__What you need to do__
Pull every line containing the word "False" from the records.

___ Material shown ___

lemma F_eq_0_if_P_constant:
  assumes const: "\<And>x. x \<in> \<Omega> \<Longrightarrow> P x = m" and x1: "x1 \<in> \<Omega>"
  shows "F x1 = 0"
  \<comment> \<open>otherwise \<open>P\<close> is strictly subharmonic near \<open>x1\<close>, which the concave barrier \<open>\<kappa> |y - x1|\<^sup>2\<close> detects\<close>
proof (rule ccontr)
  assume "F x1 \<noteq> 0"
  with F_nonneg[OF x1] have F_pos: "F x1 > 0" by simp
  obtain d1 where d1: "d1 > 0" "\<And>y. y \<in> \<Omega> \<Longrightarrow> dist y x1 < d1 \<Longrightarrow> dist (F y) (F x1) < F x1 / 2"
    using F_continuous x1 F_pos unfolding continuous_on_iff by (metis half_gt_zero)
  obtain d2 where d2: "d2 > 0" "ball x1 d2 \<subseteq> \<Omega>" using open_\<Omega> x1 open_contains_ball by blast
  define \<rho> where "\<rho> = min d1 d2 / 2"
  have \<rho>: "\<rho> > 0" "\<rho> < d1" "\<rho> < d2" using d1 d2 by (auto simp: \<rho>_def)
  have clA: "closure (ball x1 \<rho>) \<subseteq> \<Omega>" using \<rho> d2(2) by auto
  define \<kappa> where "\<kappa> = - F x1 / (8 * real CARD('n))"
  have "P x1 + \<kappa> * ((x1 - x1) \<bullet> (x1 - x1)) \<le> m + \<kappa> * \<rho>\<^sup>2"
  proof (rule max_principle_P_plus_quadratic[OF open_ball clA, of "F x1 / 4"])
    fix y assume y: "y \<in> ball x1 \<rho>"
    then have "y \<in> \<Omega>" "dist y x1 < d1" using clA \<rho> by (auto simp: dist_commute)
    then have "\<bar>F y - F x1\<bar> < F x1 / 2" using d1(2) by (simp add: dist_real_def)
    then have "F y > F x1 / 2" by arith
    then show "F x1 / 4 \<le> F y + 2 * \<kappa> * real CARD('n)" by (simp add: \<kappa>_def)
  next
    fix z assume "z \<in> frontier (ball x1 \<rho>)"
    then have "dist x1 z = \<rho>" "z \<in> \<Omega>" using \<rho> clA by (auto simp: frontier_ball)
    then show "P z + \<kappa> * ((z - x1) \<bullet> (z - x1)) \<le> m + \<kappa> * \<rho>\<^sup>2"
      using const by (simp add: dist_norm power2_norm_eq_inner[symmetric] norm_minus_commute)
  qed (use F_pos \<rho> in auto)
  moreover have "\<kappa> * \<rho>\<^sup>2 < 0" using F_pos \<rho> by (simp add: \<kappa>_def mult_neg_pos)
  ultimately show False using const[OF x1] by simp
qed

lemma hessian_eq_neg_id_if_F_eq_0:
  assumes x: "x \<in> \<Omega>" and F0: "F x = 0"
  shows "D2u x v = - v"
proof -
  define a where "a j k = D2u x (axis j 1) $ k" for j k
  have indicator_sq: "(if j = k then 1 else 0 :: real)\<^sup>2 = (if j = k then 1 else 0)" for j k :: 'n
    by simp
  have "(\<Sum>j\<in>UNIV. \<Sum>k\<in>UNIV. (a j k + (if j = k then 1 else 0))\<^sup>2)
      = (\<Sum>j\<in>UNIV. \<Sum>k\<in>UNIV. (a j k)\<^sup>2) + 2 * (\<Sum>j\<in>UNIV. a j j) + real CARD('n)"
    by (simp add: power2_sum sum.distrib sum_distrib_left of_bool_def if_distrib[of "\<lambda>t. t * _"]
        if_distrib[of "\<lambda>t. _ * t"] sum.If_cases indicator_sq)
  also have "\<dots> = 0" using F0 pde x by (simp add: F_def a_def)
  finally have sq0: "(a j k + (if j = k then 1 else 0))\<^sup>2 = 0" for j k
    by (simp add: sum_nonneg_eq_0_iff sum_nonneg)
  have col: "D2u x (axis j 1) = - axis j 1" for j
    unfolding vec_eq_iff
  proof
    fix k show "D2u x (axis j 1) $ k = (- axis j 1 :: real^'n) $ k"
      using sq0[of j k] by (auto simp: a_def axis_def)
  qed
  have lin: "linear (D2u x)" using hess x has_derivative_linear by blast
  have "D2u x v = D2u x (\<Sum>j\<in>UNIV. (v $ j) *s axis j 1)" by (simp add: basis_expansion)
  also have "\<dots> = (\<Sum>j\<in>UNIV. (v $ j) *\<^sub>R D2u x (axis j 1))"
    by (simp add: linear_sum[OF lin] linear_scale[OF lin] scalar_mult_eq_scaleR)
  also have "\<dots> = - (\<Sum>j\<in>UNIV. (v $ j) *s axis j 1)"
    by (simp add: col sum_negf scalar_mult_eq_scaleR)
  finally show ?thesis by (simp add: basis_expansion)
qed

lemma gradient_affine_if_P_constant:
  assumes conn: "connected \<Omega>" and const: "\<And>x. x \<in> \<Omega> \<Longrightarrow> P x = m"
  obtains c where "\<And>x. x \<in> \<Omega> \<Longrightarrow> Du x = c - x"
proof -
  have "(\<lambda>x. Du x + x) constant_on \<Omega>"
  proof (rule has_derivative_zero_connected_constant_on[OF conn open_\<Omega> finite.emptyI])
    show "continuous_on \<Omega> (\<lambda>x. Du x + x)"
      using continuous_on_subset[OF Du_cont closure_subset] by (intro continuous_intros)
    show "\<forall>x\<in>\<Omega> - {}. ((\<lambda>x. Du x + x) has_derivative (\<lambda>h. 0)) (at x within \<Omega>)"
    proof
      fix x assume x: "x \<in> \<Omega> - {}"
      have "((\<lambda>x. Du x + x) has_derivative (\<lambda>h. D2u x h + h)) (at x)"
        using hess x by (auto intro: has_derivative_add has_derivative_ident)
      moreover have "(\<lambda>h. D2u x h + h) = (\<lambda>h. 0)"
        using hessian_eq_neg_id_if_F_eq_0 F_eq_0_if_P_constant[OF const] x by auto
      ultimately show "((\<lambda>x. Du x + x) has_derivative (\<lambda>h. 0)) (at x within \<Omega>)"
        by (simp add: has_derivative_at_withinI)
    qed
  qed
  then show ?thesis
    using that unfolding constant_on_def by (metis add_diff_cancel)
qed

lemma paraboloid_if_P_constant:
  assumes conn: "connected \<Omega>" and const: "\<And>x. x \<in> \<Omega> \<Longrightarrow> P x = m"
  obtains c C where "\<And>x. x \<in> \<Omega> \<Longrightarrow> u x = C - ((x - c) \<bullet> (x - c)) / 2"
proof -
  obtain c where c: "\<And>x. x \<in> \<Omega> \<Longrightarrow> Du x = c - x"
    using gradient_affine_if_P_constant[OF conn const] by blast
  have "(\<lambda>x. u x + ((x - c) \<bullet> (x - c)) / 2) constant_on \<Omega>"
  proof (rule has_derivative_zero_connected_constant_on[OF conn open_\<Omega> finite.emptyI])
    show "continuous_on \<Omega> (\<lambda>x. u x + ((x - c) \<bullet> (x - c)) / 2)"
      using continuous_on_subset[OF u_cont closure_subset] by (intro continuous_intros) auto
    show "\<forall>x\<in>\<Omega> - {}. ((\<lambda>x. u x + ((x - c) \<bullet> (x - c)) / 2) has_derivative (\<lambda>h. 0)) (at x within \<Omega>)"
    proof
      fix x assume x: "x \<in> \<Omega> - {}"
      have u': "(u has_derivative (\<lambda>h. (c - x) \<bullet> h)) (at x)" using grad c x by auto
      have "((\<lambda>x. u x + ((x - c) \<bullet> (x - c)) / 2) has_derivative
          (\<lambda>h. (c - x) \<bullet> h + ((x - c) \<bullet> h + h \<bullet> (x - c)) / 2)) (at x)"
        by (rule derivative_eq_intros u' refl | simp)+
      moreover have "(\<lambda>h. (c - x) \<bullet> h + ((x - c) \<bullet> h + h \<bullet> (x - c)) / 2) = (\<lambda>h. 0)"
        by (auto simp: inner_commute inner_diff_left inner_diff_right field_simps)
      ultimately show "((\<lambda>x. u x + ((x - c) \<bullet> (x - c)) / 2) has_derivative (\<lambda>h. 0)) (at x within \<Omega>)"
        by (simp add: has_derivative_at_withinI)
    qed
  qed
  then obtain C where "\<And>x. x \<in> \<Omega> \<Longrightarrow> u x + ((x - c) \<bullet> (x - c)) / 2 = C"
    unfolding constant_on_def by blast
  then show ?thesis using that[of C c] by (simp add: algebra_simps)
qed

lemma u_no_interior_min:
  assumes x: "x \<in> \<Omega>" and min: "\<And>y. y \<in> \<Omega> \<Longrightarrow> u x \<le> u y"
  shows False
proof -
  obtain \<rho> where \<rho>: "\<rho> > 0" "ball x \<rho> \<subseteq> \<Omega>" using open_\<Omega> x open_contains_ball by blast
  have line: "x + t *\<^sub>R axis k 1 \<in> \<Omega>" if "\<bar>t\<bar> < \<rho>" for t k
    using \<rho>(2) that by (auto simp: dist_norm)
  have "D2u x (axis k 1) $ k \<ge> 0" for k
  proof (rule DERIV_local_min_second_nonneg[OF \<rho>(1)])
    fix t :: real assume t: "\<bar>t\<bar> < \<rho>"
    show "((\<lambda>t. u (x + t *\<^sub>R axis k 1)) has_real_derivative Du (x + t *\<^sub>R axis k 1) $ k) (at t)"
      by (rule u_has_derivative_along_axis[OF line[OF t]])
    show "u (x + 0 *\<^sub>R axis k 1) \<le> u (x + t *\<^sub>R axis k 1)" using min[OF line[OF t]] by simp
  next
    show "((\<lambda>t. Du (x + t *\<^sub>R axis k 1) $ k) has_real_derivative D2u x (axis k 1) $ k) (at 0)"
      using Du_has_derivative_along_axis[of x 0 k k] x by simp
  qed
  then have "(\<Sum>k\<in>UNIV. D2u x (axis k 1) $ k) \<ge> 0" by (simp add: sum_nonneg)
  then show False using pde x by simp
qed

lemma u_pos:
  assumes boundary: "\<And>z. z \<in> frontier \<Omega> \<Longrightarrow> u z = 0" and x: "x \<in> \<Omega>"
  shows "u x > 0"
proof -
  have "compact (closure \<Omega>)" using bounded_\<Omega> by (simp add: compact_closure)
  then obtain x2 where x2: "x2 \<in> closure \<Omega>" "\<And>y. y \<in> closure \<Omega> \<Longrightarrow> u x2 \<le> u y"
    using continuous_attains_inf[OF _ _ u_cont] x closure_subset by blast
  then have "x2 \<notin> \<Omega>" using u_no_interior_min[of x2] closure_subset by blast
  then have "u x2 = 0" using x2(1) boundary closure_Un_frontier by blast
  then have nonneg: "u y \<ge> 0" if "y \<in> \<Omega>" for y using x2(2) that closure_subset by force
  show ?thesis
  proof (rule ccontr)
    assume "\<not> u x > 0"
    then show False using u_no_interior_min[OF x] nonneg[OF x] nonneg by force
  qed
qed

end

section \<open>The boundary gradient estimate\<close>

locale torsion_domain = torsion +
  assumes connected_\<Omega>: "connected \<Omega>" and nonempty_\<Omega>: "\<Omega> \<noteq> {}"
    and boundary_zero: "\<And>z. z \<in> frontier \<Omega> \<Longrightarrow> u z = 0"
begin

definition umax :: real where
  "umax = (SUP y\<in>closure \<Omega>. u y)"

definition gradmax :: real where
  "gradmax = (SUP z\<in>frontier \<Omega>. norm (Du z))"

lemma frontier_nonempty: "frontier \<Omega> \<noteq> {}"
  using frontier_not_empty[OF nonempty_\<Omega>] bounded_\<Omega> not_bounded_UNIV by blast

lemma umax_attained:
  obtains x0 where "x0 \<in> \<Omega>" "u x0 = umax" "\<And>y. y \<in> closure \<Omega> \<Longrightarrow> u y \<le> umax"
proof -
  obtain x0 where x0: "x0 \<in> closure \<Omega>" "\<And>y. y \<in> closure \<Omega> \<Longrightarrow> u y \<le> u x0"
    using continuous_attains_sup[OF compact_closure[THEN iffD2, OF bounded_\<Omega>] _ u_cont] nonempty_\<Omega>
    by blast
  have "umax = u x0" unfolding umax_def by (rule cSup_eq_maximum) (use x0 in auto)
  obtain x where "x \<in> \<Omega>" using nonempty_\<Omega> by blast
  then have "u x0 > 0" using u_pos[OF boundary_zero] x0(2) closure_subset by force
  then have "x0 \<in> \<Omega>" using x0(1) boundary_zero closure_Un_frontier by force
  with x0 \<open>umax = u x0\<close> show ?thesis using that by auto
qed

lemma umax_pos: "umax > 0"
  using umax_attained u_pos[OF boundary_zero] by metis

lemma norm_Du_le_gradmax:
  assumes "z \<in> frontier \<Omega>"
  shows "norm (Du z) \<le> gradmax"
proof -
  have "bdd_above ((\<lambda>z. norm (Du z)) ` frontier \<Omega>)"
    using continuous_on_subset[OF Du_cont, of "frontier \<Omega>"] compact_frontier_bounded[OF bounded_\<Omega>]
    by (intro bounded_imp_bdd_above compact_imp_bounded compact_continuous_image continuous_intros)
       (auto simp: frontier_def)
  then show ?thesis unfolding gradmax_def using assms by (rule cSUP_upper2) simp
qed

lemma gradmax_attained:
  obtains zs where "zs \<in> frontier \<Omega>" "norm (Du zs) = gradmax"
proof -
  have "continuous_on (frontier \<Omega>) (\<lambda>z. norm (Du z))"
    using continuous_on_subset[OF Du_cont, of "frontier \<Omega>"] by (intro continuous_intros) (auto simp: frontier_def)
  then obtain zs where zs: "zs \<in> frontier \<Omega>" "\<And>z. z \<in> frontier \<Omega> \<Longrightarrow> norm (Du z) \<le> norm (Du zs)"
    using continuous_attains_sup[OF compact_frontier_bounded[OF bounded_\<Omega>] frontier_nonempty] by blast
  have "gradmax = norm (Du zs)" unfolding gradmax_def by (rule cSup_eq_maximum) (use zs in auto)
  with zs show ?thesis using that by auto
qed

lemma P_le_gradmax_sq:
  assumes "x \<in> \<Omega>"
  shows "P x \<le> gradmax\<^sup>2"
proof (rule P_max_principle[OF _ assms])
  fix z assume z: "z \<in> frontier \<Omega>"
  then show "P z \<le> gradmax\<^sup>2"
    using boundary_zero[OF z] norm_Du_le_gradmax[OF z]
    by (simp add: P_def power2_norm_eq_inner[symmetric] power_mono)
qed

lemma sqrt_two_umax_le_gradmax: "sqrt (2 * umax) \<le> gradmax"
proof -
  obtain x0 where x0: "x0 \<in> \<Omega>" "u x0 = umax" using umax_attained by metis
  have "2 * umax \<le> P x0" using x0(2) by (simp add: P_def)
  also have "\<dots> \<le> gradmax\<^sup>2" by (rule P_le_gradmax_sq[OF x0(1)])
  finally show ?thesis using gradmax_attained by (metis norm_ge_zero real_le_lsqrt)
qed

___
___ Material shown ___

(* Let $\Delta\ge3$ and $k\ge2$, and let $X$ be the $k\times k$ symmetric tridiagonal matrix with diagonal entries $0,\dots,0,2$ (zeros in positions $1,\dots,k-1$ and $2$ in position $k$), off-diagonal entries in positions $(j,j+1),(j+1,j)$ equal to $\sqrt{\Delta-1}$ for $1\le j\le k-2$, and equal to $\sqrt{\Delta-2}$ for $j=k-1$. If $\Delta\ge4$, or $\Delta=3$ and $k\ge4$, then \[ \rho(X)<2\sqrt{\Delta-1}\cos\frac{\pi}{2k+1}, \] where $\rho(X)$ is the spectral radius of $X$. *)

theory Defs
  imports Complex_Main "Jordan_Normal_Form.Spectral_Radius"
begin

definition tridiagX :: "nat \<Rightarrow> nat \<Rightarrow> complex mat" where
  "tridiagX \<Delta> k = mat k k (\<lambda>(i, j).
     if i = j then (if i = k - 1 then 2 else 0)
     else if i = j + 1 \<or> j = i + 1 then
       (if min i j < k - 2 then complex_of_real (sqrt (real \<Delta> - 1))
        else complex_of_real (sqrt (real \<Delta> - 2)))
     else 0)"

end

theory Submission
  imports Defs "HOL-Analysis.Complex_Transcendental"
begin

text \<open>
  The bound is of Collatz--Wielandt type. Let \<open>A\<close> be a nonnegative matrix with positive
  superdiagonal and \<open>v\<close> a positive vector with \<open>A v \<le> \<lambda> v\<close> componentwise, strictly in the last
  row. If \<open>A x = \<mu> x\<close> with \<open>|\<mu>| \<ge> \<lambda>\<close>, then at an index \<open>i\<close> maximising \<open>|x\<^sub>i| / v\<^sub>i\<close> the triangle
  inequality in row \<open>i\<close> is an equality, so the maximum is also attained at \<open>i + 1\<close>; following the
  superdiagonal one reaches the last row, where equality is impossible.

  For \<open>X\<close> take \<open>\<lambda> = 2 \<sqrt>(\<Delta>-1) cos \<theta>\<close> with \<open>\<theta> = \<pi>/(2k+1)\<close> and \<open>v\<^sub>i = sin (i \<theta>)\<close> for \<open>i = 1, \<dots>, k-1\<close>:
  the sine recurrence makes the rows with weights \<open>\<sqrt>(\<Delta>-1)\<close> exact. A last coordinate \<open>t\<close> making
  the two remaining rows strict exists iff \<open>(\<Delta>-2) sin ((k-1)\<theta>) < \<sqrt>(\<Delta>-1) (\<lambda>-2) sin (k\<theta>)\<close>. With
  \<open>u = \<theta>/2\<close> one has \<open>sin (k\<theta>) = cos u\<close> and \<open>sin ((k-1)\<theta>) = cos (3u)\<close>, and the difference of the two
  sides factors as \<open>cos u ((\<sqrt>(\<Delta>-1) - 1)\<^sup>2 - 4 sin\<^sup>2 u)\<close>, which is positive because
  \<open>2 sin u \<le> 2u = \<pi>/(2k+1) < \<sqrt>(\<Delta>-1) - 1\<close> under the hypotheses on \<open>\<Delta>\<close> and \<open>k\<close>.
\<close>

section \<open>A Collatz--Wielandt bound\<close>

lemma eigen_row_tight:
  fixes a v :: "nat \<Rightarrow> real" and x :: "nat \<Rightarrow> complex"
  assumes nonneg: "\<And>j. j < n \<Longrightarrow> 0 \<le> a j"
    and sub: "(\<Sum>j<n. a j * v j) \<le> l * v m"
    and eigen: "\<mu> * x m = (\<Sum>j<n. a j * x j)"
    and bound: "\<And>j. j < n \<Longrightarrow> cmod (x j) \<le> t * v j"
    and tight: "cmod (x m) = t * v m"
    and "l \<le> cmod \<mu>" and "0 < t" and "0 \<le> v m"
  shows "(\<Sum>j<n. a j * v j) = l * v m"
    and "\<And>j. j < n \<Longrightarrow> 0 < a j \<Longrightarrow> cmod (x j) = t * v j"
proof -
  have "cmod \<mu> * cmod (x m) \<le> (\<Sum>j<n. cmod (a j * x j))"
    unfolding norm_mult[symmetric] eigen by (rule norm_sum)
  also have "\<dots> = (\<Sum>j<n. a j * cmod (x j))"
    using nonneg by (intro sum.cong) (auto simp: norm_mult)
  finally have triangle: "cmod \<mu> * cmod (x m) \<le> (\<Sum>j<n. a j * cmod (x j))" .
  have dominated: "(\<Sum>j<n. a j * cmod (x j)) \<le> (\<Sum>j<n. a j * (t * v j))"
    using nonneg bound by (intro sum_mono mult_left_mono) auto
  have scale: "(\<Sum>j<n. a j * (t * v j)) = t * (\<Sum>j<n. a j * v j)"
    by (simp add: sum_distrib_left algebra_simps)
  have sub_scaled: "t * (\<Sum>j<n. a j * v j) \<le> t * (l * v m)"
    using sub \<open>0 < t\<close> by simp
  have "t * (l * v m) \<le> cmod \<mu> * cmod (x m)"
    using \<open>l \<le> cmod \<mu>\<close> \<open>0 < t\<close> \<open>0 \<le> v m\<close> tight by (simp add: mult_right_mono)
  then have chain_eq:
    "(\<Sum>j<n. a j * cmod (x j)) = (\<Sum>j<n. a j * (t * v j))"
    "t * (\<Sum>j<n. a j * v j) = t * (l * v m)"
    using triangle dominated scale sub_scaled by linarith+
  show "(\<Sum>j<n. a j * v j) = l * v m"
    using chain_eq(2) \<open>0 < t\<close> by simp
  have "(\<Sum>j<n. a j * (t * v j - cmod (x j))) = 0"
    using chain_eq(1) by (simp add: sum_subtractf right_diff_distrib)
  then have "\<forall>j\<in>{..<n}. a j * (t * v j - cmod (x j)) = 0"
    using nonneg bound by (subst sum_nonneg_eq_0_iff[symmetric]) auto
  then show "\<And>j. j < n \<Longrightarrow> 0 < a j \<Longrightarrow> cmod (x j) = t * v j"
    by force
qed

___

__Task solution__
  ultimately show False using const[OF x1] by simp
  shows False
  then show False using pde x by simp
    then show False using u_no_interior_min[OF x] nonneg[OF x] nonneg by force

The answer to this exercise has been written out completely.